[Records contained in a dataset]
★ ★ ★ ★ ★ ★ ★

(* Consider $\dot{x} = f(x) + g(x)u$, $x\in\mathcal{X}\subseteq\mathbb{R}^n$, $u\in\mathcal{U}\subseteq\mathbb{R}^m$, with $f,g$ continuously differentiable and $\mathcal{U}$ a convex polytope; let $h$ be continuously differentiable, $\mathcal{C}_S=\{x:h(x)\ge0\}$, and let $k_b$ be a backup controller with backup set $\mathcal{C}_B=\{x:h_b(x)\ge0\}\subseteq\mathcal{C}_S$ (see context). Let $k_e(x,\theta)$, $\theta\in\mathbb{R}^p$, be a parameterized expanding controller with values in $\mathcal{U}$, and let $\eta:\mathcal{X}\to[0,1]$ be continuously differentiable with $\eta(x)=1$ for all $x\in\mathcal{C}_B$. Consider the augmented state $\hat x = (x,\theta)\in\hat{\mathcal{X}} = \mathcal{X}\times\mathbb{R}^p$ and augmented dynamics $$\dot{\hat x} = \hat f(\hat x)+\hat g(\hat x)\hat u,\quad \hat f(\hat x) = \begin{bmatrix} f(x)\\ 0_{p\times1}\end{bmatrix},\ \hat g(\hat x) = \begin{bmatrix} g(x) & 0_{n\times p}\\ 0_{p\times m} & I_p\end{bmatrix},$$ with $\hat u = (u,u_\theta)\in\hat{\mathcal{U}}=\mathcal{U}\times\mathbb{R}^p$. Define $\hat k_s(\hat x) = \big((1-\eta(x))k_e(x,\theta)+\eta(x)k_b(x),\ 0_{p\times1}\big)$ and $\hat{\mathcal{C}}_B = \{\hat x\in\hat{\mathcal{X}}: h_b(x)\ge 0\}$. Then $\hat k_s$ renders $\hat{\mathcal{C}}_B$ forward invariant along the augmented system $\dot{\hat x} = \hat f(\hat x)+\hat g(\hat x)\hat k_s(\hat x)$.
   Context: A set is forward invariant along a closed-loop system if solutions starting in it remain in it for all $t\ge0$. A backup controller is a continuously differentiable $k_b:\mathcal{X}\to\mathcal{U}$ rendering $\mathcal{C}_B=\{x\in\mathcal{X}: h_b(x)\ge0\}\subseteq\mathcal{C}_S$ forward invariant for $\dot x=f(x)+g(x)k_b(x)$, where $h_b$ is continuously differentiable with $\nabla h_b(x)\neq0$ on $\partial\mathcal{C}_B$. *)

theory Defs
  imports "HOL-Analysis.Analysis"
begin

definition C1_on :: "'a::real_normed_vector set \<Rightarrow> ('a \<Rightarrow> 'b::real_normed_vector) \<Rightarrow> bool" where
  "C1_on S f \<longleftrightarrow> (\<exists>f'. (\<forall>x\<in>S. (f has_derivative blinfun_apply (f' x)) (at x)) \<and> continuous_on S f')"

text \<open>Since T \<ge> 0 is arbitrary, this covers all t \<ge> 0 for which a solution exists.\<close>
definition forward_invariant :: "'a::real_normed_vector set \<Rightarrow> ('a \<Rightarrow> 'a) \<Rightarrow> 'a set \<Rightarrow> bool" where
  "forward_invariant D F S \<longleftrightarrow>
     (\<forall>\<phi> T. 0 \<le> T \<and> \<phi> 0 \<in> S \<and>
        (\<forall>t\<in>{0..T}. \<phi> t \<in> D \<and> (\<phi> has_vector_derivative F (\<phi> t)) (at t within {0..T}))
        \<longrightarrow> (\<forall>t\<in>{0..T}. \<phi> t \<in> S))"

end

theory Submission
  imports Defs
begin

(*
  Along a solution of the augmented system the parameter has zero dynamics, so it is frozen
  at some value theta, and the state solves xdot = F(x) with
  F = f + g ((1 - eta) ke(., theta) + eta kb).  Since eta = 1 on the backup set C_B, F agrees
  there with the backup field Fb = f + g kb; both fields are locally Lipschitz.  Suppose x
  leaves C_B and let s be the infimum of the times outside C_B.  The solution of Fb from x(s)
  exists for a short time (Picard) and stays in C_B because C_B is Fb-invariant, so it also
  solves xdot = F(x); by uniqueness it coincides with x right after s, a contradiction.
*)

text \<open>Local Lipschitz continuity, in a form that is directly stable under sums, bilinear
  products and composition; on open subsets of a Euclidean space it is the usual notion.\<close>
definition lipschitz_on_compacts :: "'a::metric_space set \<Rightarrow> ('a \<Rightarrow> 'b::metric_space) \<Rightarrow> bool" where
  "lipschitz_on_compacts S F \<longleftrightarrow> (\<forall>K. compact K \<and> K \<subseteq> S \<longrightarrow> (\<exists>L. L-lipschitz_on K F))"

lemma lipschitz_on_compactsD:
  assumes "lipschitz_on_compacts S F" "compact K" "K \<subseteq> S"
  obtains L where "L-lipschitz_on K F"
  using assms unfolding lipschitz_on_compacts_def by blast

lemma lipschitz_on_compacts_const: "lipschitz_on_compacts S (\<lambda>x. c)"
  unfolding lipschitz_on_compacts_def by (auto intro: lipschitz_on_constant)

lemma lipschitz_on_compacts_add:
  fixes F G :: "'a::metric_space \<Rightarrow> 'b::real_normed_vector"
  assumes "lipschitz_on_compacts S F" "lipschitz_on_compacts S G"
  shows "lipschitz_on_compacts S (\<lambda>x. F x + G x)"
  unfolding lipschitz_on_compacts_def
proof clarify
  fix K assume "compact K" "K \<subseteq> S"
  then obtain L M where "L-lipschitz_on K F" "M-lipschitz_on K G"
    using assms by (meson lipschitz_on_compactsD)
  then show "\<exists>N. N-lipschitz_on K (\<lambda>x. F x + G x)" by (blast intro: lipschitz_on_add)
qed

lemma lipschitz_on_compacts_diff:
  fixes F G :: "'a::metric_space \<Rightarrow> 'b::real_normed_vector"
  assumes "lipschitz_on_compacts S F" "lipschitz_on_compacts S G"
  shows "lipschitz_on_compacts S (\<lambda>x. F x - G x)"
  unfolding lipschitz_on_compacts_def
proof clarify
  fix K assume "compact K" "K \<subseteq> S"
  then obtain L M where "L-lipschitz_on K F" "M-lipschitz_on K G"
    using assms by (meson lipschitz_on_compactsD)
  then show "\<exists>N. N-lipschitz_on K (\<lambda>x. F x - G x)" by (blast intro: lipschitz_on_diff)
qed

lemma lipschitz_on_compacts_compose:
  assumes F: "lipschitz_on_compacts T F" and G: "lipschitz_on_compacts S G" and "G ` S \<subseteq> T"
  shows "lipschitz_on_compacts S (\<lambda>x. F (G x))"
  unfolding lipschitz_on_compacts_def
proof clarify
  fix K assume K: "compact K" "K \<subseteq> S"
  obtain M where M: "M-lipschitz_on K G" using G K by (rule lipschitz_on_compactsD)
  have "compact (G ` K)"
    using lipschitz_on_continuous_on[OF M] K(1) by (rule compact_continuous_image)
  moreover have "G ` K \<subseteq> T" using K(2) assms(3) by blast
  ultimately obtain L where "L-lipschitz_on (G ` K) F" using F by (metis lipschitz_on_compactsD)
  then show "\<exists>N. N-lipschitz_on K (\<lambda>x. F (G x))" using lipschitz_on_compose2[OF M] by blast
qed

lemma lipschitz_on_compacts_Pair_const:
  "lipschitz_on_compacts S (\<lambda>x. (x, c))"
proof -
  have "(sqrt (1\<^sup>2 + 0\<^sup>2))-lipschitz_on K (\<lambda>x. (x, c))" for K :: "'a::metric_space set"
    by (intro lipschitz_on_Pair lipschitz_on_id lipschitz_on_constant)
  then show ?thesis unfolding lipschitz_on_compacts_def by blast
qed

lemma (in bounded_bilinear) lipschitz_on_prod:
  assumes f: "L-lipschitz_on U f" and g: "M-lipschitz_on U g"
    and "bounded (f ` U)" "bounded (g ` U)"
  shows "\<exists>N. N-lipschitz_on U (\<lambda>x. prod (f x) (g x))"
proof -
  obtain A B where A: "\<forall>x\<in>U. norm (f x) \<le> A" and B: "\<forall>x\<in>U. norm (g x) \<le> B" and "A > 0" "B > 0"
    using assms(3,4) by (auto simp: bounded_pos)
  obtain K where K: "K > 0" "\<And>a b. norm (prod a b) \<le> norm a * norm b * K"
    using pos_bounded by blast
  have "dist (prod (f x) (g x)) (prod (f y) (g y)) \<le> K * (L * B + A * M) * dist x y"
    if "x \<in> U" "y \<in> U" for x y
  proof -
    have "dist (prod (f x) (g x)) (prod (f y) (g y))
        = norm (prod (f x - f y) (g x) + prod (f y) (g x - g y))"
      by (simp add: dist_norm diff_left diff_right)
    also have "\<dots> \<le> norm (f x - f y) * norm (g x) * K + norm (f y) * norm (g x - g y) * K"
      by (intro norm_triangle_le add_mono K(2))
    also have "\<dots> \<le> (L * dist x y) * B * K + A * (M * dist x y) * K"
      using lipschitz_onD[OF f that] lipschitz_onD[OF g that] A B that K(1)
        lipschitz_on_nonneg[OF f] lipschitz_on_nonneg[OF g] \<open>A > 0\<close>
      by (intro add_mono mult_right_mono mult_mono)
        (auto simp: dist_norm[of "f _"] dist_norm[of "g _"])
    finally show ?thesis by (simp add: algebra_simps)
  qed
  moreover have "0 \<le> K * (L * B + A * M)"
    using K(1) \<open>A > 0\<close> \<open>B > 0\<close> lipschitz_on_nonneg[OF f] lipschitz_on_nonneg[OF g] by simp
  ultimately show ?thesis by (blast intro: lipschitz_onI)
qed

★ ★ ★ ★ ★ ★ ★

Copy all lines from the data above that contain the word "longrightarrow".

Task result ::
        \<longrightarrow> (\<forall>t\<in>{0..T}. \<phi> t \<in> S))"
  "lipschitz_on_compacts S F \<longleftrightarrow> (\<forall>K. compact K \<and> K \<subseteq> S \<longrightarrow> (\<exists>L. L-lipschitz_on K F))"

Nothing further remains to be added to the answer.